Klaagster dient vervolgens een klacht in bij de praktijk.

De verloskundigen sturen klaagster op 20 mei 2009 een aangetekende brief, waarin zij haar uitnodigen op 27 mei 2009 voor een gesprek. Bij deze brief is de status van klaagster bijgevoegd. Klaagster is niet op de uitnodiging ingegaan.”

2.2              De in eerste aanleg ingediende klacht en het daartegen gevoerde verweer houden het volgende in.

“3.       HET STANDPUNT VAN KLAAGSTER EN DE KLACHT

Klaagster verwijt verweerster, zakelijk weergegeven:

1. zij heeft haar niet goed voorgelicht met betrekking tot erfelijkheidsonderzoek;

2. de begeleiding tijdens de ernstige misselijkheid van klaagster was nihil;

3. weigering het dossier te doen toekomen;

4. doorbreking van het beroepsgeheim wegens vermeende kindermishandeling terwijl men kon weten dat hiervan geen sprake was;

5. een melding van kindermishandeling zonder medeweten van klaagster;

6. een melding van kindermishandeling zonder acht te slaan op de meldcode verloskundigen;

7. een melding van kindermishandeling twee maanden na dato (willekeur);

8. verergeren van de gebeurtenissen in de melding aan het AMK;

9. liegen in de melding (dat dochter van zes getuige was geweest van het incident tussen klaagster en haar partner);

10. staan op aangifte door klaagster tegen haar partner (stoken in de relatie);

11. zonder medeweten van klaagster nagaan bij de politie of aangifte is gedaan;

12. bij het AMK melden dat klaagster geen aangifte wilde doen, terwijl ze dat wel degelijk had gedaan;

13. melden dat klaagster afspraken niet nakwam, terwijl klaagster afspraken verzette wegens ernstige vermoeidheid en misselijkheid en wel een echo had laten maken;

14. geen initiatief tonen om hulp te zoeken voor klaagster bij haar ernstige misselijkheid en bekkenklachten;

15. niet ingaan op het gemotiveerde verzoek van klaagster een vaste verloskundige te krijgen;

16. weigeren om verantwoordelijkheid te dragen voor het handelen;

17. weigeren excuses aan te bieden voor gemaakte fouten;

Klaagster heeft naderhand nog aangegeven dat de verloskundigen gezamenlijk hebben besloten de AMK-melding te doen en haar ook niet wilden uitleggen wie wat gedaan had - zoals bijvoorbeeld wie de AMK-melding had gedaan - omdat zij steeds gezamenlijk gehandeld hebben.
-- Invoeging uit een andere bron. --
lemma MAH_imp_MA:
  assumes "MAH P M \<kappa>"
  shows "MA P M \<kappa>"
proof -
  obtain c where "0 < c" and hinge_margin: "\<And>f. f \<in> borel_measurable M \<Longrightarrow> (\<forall>x \<in> space M. f x \<in> {-1..1}) \<Longrightarrow>
      dist_bayes P M f \<le> c * (enn2real (hinge_risk P f) - enn2real (hinge_risk_opt P M)) powr (1 / \<kappa>)"
    using assms unfolding MAH_def by blast
  show ?thesis
    unfolding MA_def
  proof (intro exI[of _ "c * 2 powr (1 / \<kappa>)"] conjI ballI impI)
    show "0 < c * 2 powr (1 / \<kappa>)"
      using \<open>0 < c\<close> by simp
    fix f :: "'a \<Rightarrow> real"
    assume f: "f \<in> borel_measurable M" and f_range: "\<forall>x \<in> space M. f x \<in> {-1, 1}"
    moreover have f_range': "\<forall>x \<in> space M. f x \<in> {-1..1}"
      using f_range by auto
    ultimately have excess: "enn2real (hinge_risk P f) - enn2real (hinge_risk_opt P M) = 2 * (risk P f - bayes_risk P M)"
      by (simp add: excess_risk_eq excess_hinge_risk_eq)
    have "dist_bayes P M f \<le> c * (enn2real (hinge_risk P f) - enn2real (hinge_risk_opt P M)) powr (1 / \<kappa>)"
      by (rule hinge_margin[OF f f_range'])
    also have "\<dots> = c * 2 powr (1 / \<kappa>) * (risk P f - bayes_risk P M) powr (1 / \<kappa>)"
      by (simp only: excess powr_mult mult.assoc)
    finally show "dist_bayes P M f \<le> c * 2 powr (1 / \<kappa>) * (risk P f - bayes_risk P M) powr (1 / \<kappa>)" .
  qed
qed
4.                  HET STANDPUNT VAN VERWEERSTER

Verweerster voert -zakelijk weergegeven- aan dat zij onervaren was met de problematiek als in casu en noemt deze casus een wijze les. Zij geeft aan in de toekomst de KNOV-richtlijnen meer te zullen volgen. Verweerster geeft aan dat zij heeft gehandeld vanuit een goed hart naar het hele gezin van klaagster.”

2.3       Het Regionaal Tuchtcollege heeft aan zijn beslissing de volgende overwegingen ten grondslag gelegd.

5.                  DE OVERWEGINGEN VAN HET COLLEGE

5.1

Het college wijst er allereerst op, dat het bij de tuchtrechtelijke toetsing van professioneel handelen er niet om gaat of dat handelen beter had gekund, maar om het geven van een antwoord op de vraag of de beroepsbeoefenaar bij het beroepsmatig handelen is gebleven binnen de grenzen van een redelijk bekwame beroepsuitoefening, rekening houdend met de stand van de wetenschap ten tijde van het klachtwaardig geachte handelen en met hetgeen toen in de beroepsgroep ter zake als norm of standaard was aanvaard.

5.2

Gelet op hetgeen klaagster onweersproken heeft gesteld over de praktijkvoering van de verloskundigen en het feit dat zij collectief en niet individueel hiervoor verantwoor-delijkheid hebben genomen -zoals zij zich ook in deze procedure identiek hebben verweerd- alsmede de opmerking van verweerster en de overige verloskundigen bij dupliek dat alle acties tijdens de overleggen zijn besproken en dat alle aanwezigen daar achterstonden is iedere verloskundige in beginsel verantwoordelijk voor die wijze van praktijkvoering en voor het ten aanzien van een patiënt, in dit geval klaagster, gevoerde beleid en wordt in alle zaken dezelfde beslissing gegeven (verg. CTG 4 maart 2004, TvGr 2004/30) .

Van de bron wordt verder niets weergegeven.